> [Collected data]:
=== Section Start ===

lemma unit_characters_eq: "unit_characters v n = characters (units_of (trunc_ring v n))"
  by (simp add: unit_characters_def characters_def units_of_carrier)

lemma finite_field_CHAR_bounds: "2 \<le> CHAR('a::{finite,field})" "CHAR('a) \<le> CARD('a)"
proof -
  have "0 < CHAR('a)"
    by (rule finite_imp_CHAR_pos) simp
  then show "2 \<le> CHAR('a)"
    using CHAR_not_1[where 'a='a] by linarith
  show "CHAR('a) \<le> CARD('a)"
    using CHAR_dvd_CARD[where 'a='a] by (simp add: dvd_imp_le)
qed

lemma sqrt_le_divide_sqrt:
  fixes p q :: real
  assumes "1 \<le> p" "p \<le> q"
  shows "sqrt q \<le> q / sqrt p"
proof -
  have "sqrt q * sqrt p \<le> sqrt q * sqrt q"
    using assms by (intro mult_left_mono) auto
  then show ?thesis
    using assms by (simp add: pos_le_divide_eq)
qed

theorem lemma6p14:
  fixes v n l :: nat
  assumes "n \<ge> 1" and "v \<ge> 1" and "l < v"
  shows "(\<Sum>\<chi>\<in>(unit_characters v n :: (((nat \<Rightarrow> nat) \<Rightarrow> 'a::{finite,field}) \<Rightarrow> complex) set).
            cmod (\<Sum>a\<in>UNIV - {0::'a}. \<chi> (var_minus_const v n l a)))
           / real (card (unit_characters v n :: (((nat \<Rightarrow> nat) \<Rightarrow> 'a) \<Rightarrow> complex) set))
         \<le> real (CARD('a) - 1) / sqrt (real (CHAR('a) - 1))"
proof -
  have n: "0 < n"
    using assms(1) by simp
  interpret R: comm_monoid "trunc_ring v n :: ((nat \<Rightarrow> nat) \<Rightarrow> 'a) ring"
    using n by (rule comm_monoid_trunc_ring)
  have "(\<Sum>\<chi>\<in>unit_characters v n. cmod (\<Sum>a\<in>UNIV - {0::'a}. \<chi> (var_minus_const v n l a)))
      / real (card (unit_characters v n :: (((nat \<Rightarrow> nat) \<Rightarrow> 'a) \<Rightarrow> complex) set))
      \<le> sqrt (real (card (UNIV - {0::'a})))"
    unfolding unit_characters_eq
    by (rule mean_norm_character_sum_le)
       (auto simp: R.units_group group.is_monoid units_of_carrier image_subset_iff
          var_minus_const_in_Units[OF n] var_minus_const_separated_by_characters[OF n])
  also have "\<dots> = sqrt (real (CARD('a) - 1))"
    by (simp add: card_Diff_singleton)
  also have "\<dots> \<le> real (CARD('a) - 1) / sqrt (real (CHAR('a) - 1))"
    using finite_field_CHAR_bounds[where 'a='a] by (intro sqrt_le_divide_sqrt) simp_all
  finally show ?thesis .
qed
(* Assume there exists $C_1>0$ such that $E\{(v^T\mathbf Z)^4\}\leq C_1[E\{(v^T\mathbf Z)^2\}]^2$ for all $v\in\mathbb R^p$, where $\mathbf Z=(Z(t_0),\dots,Z(t_{p-1}))^T$. Let $\widehat G_\phi=\big(\frac1n\sum_{i=1}^n\tilde y_{i,\lambda}\tilde y_{i,\lambda'}\big)_{\lambda,\lambda'\in\Lambda_D}$ and $G_\phi=E[\widehat G_\phi]$. Then \[ E\big[\|\widehat G_\phi-G_\phi\|_F^2\big]\leq\frac{\max(C_1+3,6)}{n}\Big(\sum_{\lambda\in\Lambda_D}(\sigma_\lambda^2+s_\lambda^2)\Big)^2, \] where $\|\cdot\|_F$ is the Frobenius norm.
   Context: Model: $Z$ is a centered process on $[0,1]$ with continuous paths, covariance kernel $K(s,t)=E[Z(s)Z(t)]$; $Z_1,\dots,Z_n$ i.i.d. copies of $Z$; $p\ge2$, $t_h=h/(p-1)$, $h=0,\dots,p-1$; observations $Y_i(t_h)=Z_i(t_h)+\varepsilon_{i,h}$ with $\varepsilon_{i,h}$ i.i.d. $\mathcal N(0,\sigma^2)$ independent of the $Z_i$. $(\phi_\lambda)_{\lambda\in\Lambda_D}$ is a family of real functions on $[0,1]$ indexed by a finite set $\Lambda_D$; $\tilde y_{i,\lambda}=\frac1p\sum_{h=0}^{p-1}Y_i(t_h)\phi_\lambda(t_h)$; $\sigma_\lambda^2=\frac{\sigma^2}{p^2}\sum_{h=0}^{p-1}\phi_\lambda^2(t_h)$; $s_\lambda^2=\frac1{p^2}\sum_{h,h'=0}^{p-1}K(t_h,t_{h'})\phi_\lambda(t_h)\phi_\lambda(t_{h'})$. *)

theory Defs
  imports "HOL-Probability.Probability"
begin

definition grid :: "nat \<Rightarrow> nat \<Rightarrow> real" where
  "grid p h = real h / real (p - 1)"

definition obsY :: "nat \<Rightarrow> (nat \<Rightarrow> 'w \<Rightarrow> real \<Rightarrow> real) \<Rightarrow> (nat \<Rightarrow> nat \<Rightarrow> 'w \<Rightarrow> real)
    \<Rightarrow> nat \<Rightarrow> nat \<Rightarrow> 'w \<Rightarrow> real" where
  "obsY p Z eps i h \<omega> = Z i \<omega> (grid p h) + eps i h \<omega>"

definition ytilde :: "nat \<Rightarrow> (nat \<Rightarrow> 'w \<Rightarrow> real \<Rightarrow> real) \<Rightarrow> (nat \<Rightarrow> nat \<Rightarrow> 'w \<Rightarrow> real)
    \<Rightarrow> ('l \<Rightarrow> real \<Rightarrow> real) \<Rightarrow> nat \<Rightarrow> 'l \<Rightarrow> 'w \<Rightarrow> real" where
  "ytilde p Z eps \<phi> i l \<omega> = (1 / real p) * (\<Sum>h<p. obsY p Z eps i h \<omega> * \<phi> l (grid p h))"

definition Ghat :: "nat \<Rightarrow> nat \<Rightarrow> (nat \<Rightarrow> 'w \<Rightarrow> real \<Rightarrow> real) \<Rightarrow> (nat \<Rightarrow> nat \<Rightarrow> 'w \<Rightarrow> real)
    \<Rightarrow> ('l \<Rightarrow> real \<Rightarrow> real) \<Rightarrow> 'l \<Rightarrow> 'l \<Rightarrow> 'w \<Rightarrow> real" where
  "Ghat n p Z eps \<phi> l l' \<omega> =
     (1 / real n) * (\<Sum>i=1..n. ytilde p Z eps \<phi> i l \<omega> * ytilde p Z eps \<phi> i l' \<omega>)"

definition covK :: "'w measure \<Rightarrow> ('w \<Rightarrow> real \<Rightarrow> real) \<Rightarrow> real \<Rightarrow> real \<Rightarrow> real" where
  "covK M Z0 s t = (\<integral>\<omega>. Z0 \<omega> s * Z0 \<omega> t \<partial>M)"

definition sigma2 :: "real \<Rightarrow> nat \<Rightarrow> ('l \<Rightarrow> real \<Rightarrow> real) \<Rightarrow> 'l \<Rightarrow> real" where
  "sigma2 \<sigma> p \<phi> l = \<sigma>\<^sup>2 / (real p)\<^sup>2 * (\<Sum>h<p. (\<phi> l (grid p h))\<^sup>2)"

definition s2 :: "'w measure \<Rightarrow> ('w \<Rightarrow> real \<Rightarrow> real) \<Rightarrow> nat \<Rightarrow> ('l \<Rightarrow> real \<Rightarrow> real) \<Rightarrow> 'l \<Rightarrow> real" where
  "s2 M Z0 p \<phi> l = 1 / (real p)\<^sup>2 *
     (\<Sum>h<p. \<Sum>h'<p. covK M Z0 (grid p h) (grid p h') * \<phi> l (grid p h) * \<phi> l (grid p h'))"

end

theory Submission
  imports Defs
begin

(* Each Gram entry is the empirical mean of n i.i.d. copies of F_l F_l', where
   F_l = (1/p) sum_h Y(t_h) phi_l(t_h), so its variance is at most E[(F_l F_l')^2] / n, and by
   Cauchy-Schwarz E[(F_l F_l')^2] <= sqrt (E F_l^4 E F_l'^4). Each F_l is a centred linear
   functional of Z plus an independent centred Gaussian of variance sigma_l^2; expanding the
   fourth power, the moment assumption on Z and the Gaussian identity E W^4 = 3 (E W^2)^2 give
   E F_l^4 <= max (C1 + 3) 6 (sigma_l^2 + s_l^2)^2. Summing over (l, l') gives the square of
   the sum. *)

abbreviation normal_vector :: "real \<Rightarrow> nat \<Rightarrow> (nat \<Rightarrow> real) measure" where
  "normal_vector \<sigma> p \<equiv> \<Pi>\<^sub>M h\<in>{..<p}. density lborel (normal_density 0 \<sigma>)"

lemma prob_space_normal_vector:
  assumes "\<sigma> > 0"
  shows "prob_space (normal_vector \<sigma> p)"
  by (rule prob_space_PiM) (use prob_space_normal_density assms in auto)

lemma distr_normal_vector_coordinate:
  assumes "\<sigma> > 0" "h < p"
  shows "distr (normal_vector \<sigma> p) borel (\<lambda>e. e h) = density lborel (normal_density 0 \<sigma>)"
proof -
  have "distr (normal_vector \<sigma> p) borel (\<lambda>e. e h)
      = distr (normal_vector \<sigma> p) (density lborel (normal_density 0 \<sigma>)) (\<lambda>e. e h)"
    by (rule distr_cong) auto
  also have "\<dots> = density lborel (normal_density 0 \<sigma>)"
    by (rule distr_PiM_component) (use prob_space_normal_density assms in auto)
  finally show ?thesis .
qed

lemma distributed_normal_vector_coordinate:
  assumes "\<sigma> > 0" "h < p"
  shows "distributed (normal_vector \<sigma> p) lborel (\<lambda>e. e h) (normal_density 0 \<sigma>)"
proof -
  have "(\<lambda>e. e h) \<in> measurable (normal_vector \<sigma> p) (density lborel (normal_density 0 \<sigma>))"
    by (rule measurable_component_singleton) (use assms in auto)
  then show ?thesis
    using distr_normal_vector_coordinate[OF assms]
    by (simp add: distributed_def distr_cong[OF refl sets_lborel[symmetric]])
qed

lemma indep_vars_normal_vector_coordinates:
  assumes "\<sigma> > 0" "p > 0"
  shows "prob_space.indep_vars (normal_vector \<sigma> p) (\<lambda>_. borel) (\<lambda>h e. e h) {..<p}"
proof -
  interpret prob_space "normal_vector \<sigma> p"
    by (rule prob_space_normal_vector) fact
  have "distr (normal_vector \<sigma> p) (\<Pi>\<^sub>M h\<in>{..<p}. borel) (\<lambda>e. \<lambda>h\<in>{..<p}. e h)
      = distr (normal_vector \<sigma> p) (normal_vector \<sigma> p) (\<lambda>e. e)"
    by (rule distr_cong) (auto simp: space_PiM intro!: sets_PiM_cong)
  also have "\<dots> = (\<Pi>\<^sub>M h\<in>{..<p}. distr (normal_vector \<sigma> p) borel (\<lambda>e. e h))"
    using distr_normal_vector_coordinate[OF assms(1)] by (auto intro!: PiM_cong)
  finally show ?thesis
    using assms(2) by (subst indep_vars_iff_distr_eq_PiM') auto
qed

lemma distributed_normal_vector_linear_comb:
  fixes a :: "nat \<Rightarrow> real"
  assumes \<sigma>: "\<sigma> > 0" and v: "v = \<sigma>\<^sup>2 * (\<Sum>h<p. (a h)\<^sup>2)" "v > 0"
  shows "distributed (normal_vector \<sigma> p) lborel (\<lambda>e. \<Sum>h<p. a h * e h) (normal_density 0 (sqrt v))"
proof -
  interpret prob_space "normal_vector \<sigma> p"
    by (rule prob_space_normal_vector) fact
  (* sum_indep_normal needs positive standard deviations, so only the support of a is summed. *)
  define H where "H = {h. h < p \<and> a h \<noteq> 0}"
  have sum_H: "(\<Sum>h<p. f h) = (\<Sum>h\<in>H. f h)" if "\<And>h. a h = 0 \<Longrightarrow> f h = 0" for f :: "nat \<Rightarrow> real"
    unfolding H_def by (rule sum.mono_neutral_right) (use that in auto)
  have "H \<noteq> {}"
    using v sum_H[of "\<lambda>h. (a h)\<^sup>2"] by auto
  then have "p > 0"
    by (auto simp: H_def)
  have "indep_vars (\<lambda>_. borel) (\<lambda>h e. a h * e h) H"
    by (rule indep_vars_compose2[OF indep_vars_subset[OF indep_vars_normal_vector_coordinates]])
       (use \<sigma> \<open>p > 0\<close> in \<open>auto simp: H_def\<close>)
  moreover have "distributed (normal_vector \<sigma> p) lborel (\<lambda>e. a h * e h) (normal_density 0 (\<bar>a h\<bar> * \<sigma>))"
    if "h \<in> H" for h
    using normal_density_affine[OF distributed_normal_vector_coordinate[OF \<sigma>, of h p], of "a h" 0]
      that \<sigma> by (simp add: H_def)
  ultimately have "distributed (normal_vector \<sigma> p) lborel (\<lambda>e. \<Sum>h\<in>H. a h * e h)
      (normal_density (\<Sum>h\<in>H. 0) (sqrt (\<Sum>h\<in>H. (\<bar>a h\<bar> * \<sigma>)\<^sup>2)))"
    using \<open>H \<noteq> {}\<close> \<sigma> by (intro sum_indep_normal) (auto simp: H_def)
  moreover have "(\<Sum>h\<in>H. (\<bar>a h\<bar> * \<sigma>)\<^sup>2) = v"
    using v sum_H[of "\<lambda>h. (a h)\<^sup>2"] by (simp add: power_mult_distrib sum_distrib_left mult.commute)
  ultimately show ?thesis
    using sum_H[of "\<lambda>h. a h * _ h"] by simp
qed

=== Section End ===

> [WHAT YOU WILL DO]: Copy all lines of the records that have the string "also" in them.

> [OUTPUT OF THE TASK]:
  also have "\<dots> = sqrt (real (CARD('a) - 1))"
  also have "\<dots> \<le> real (CARD('a) - 1) / sqrt (real (CHAR('a) - 1))"
  also have "\<dots> = density lborel (normal_density 0 \<sigma>)"
  also have "\<dots> = (\<Pi>\<^sub>M h\<in>{..<p}. distr (normal_vector \<sigma> p) borel (\<lambda>e. e h))"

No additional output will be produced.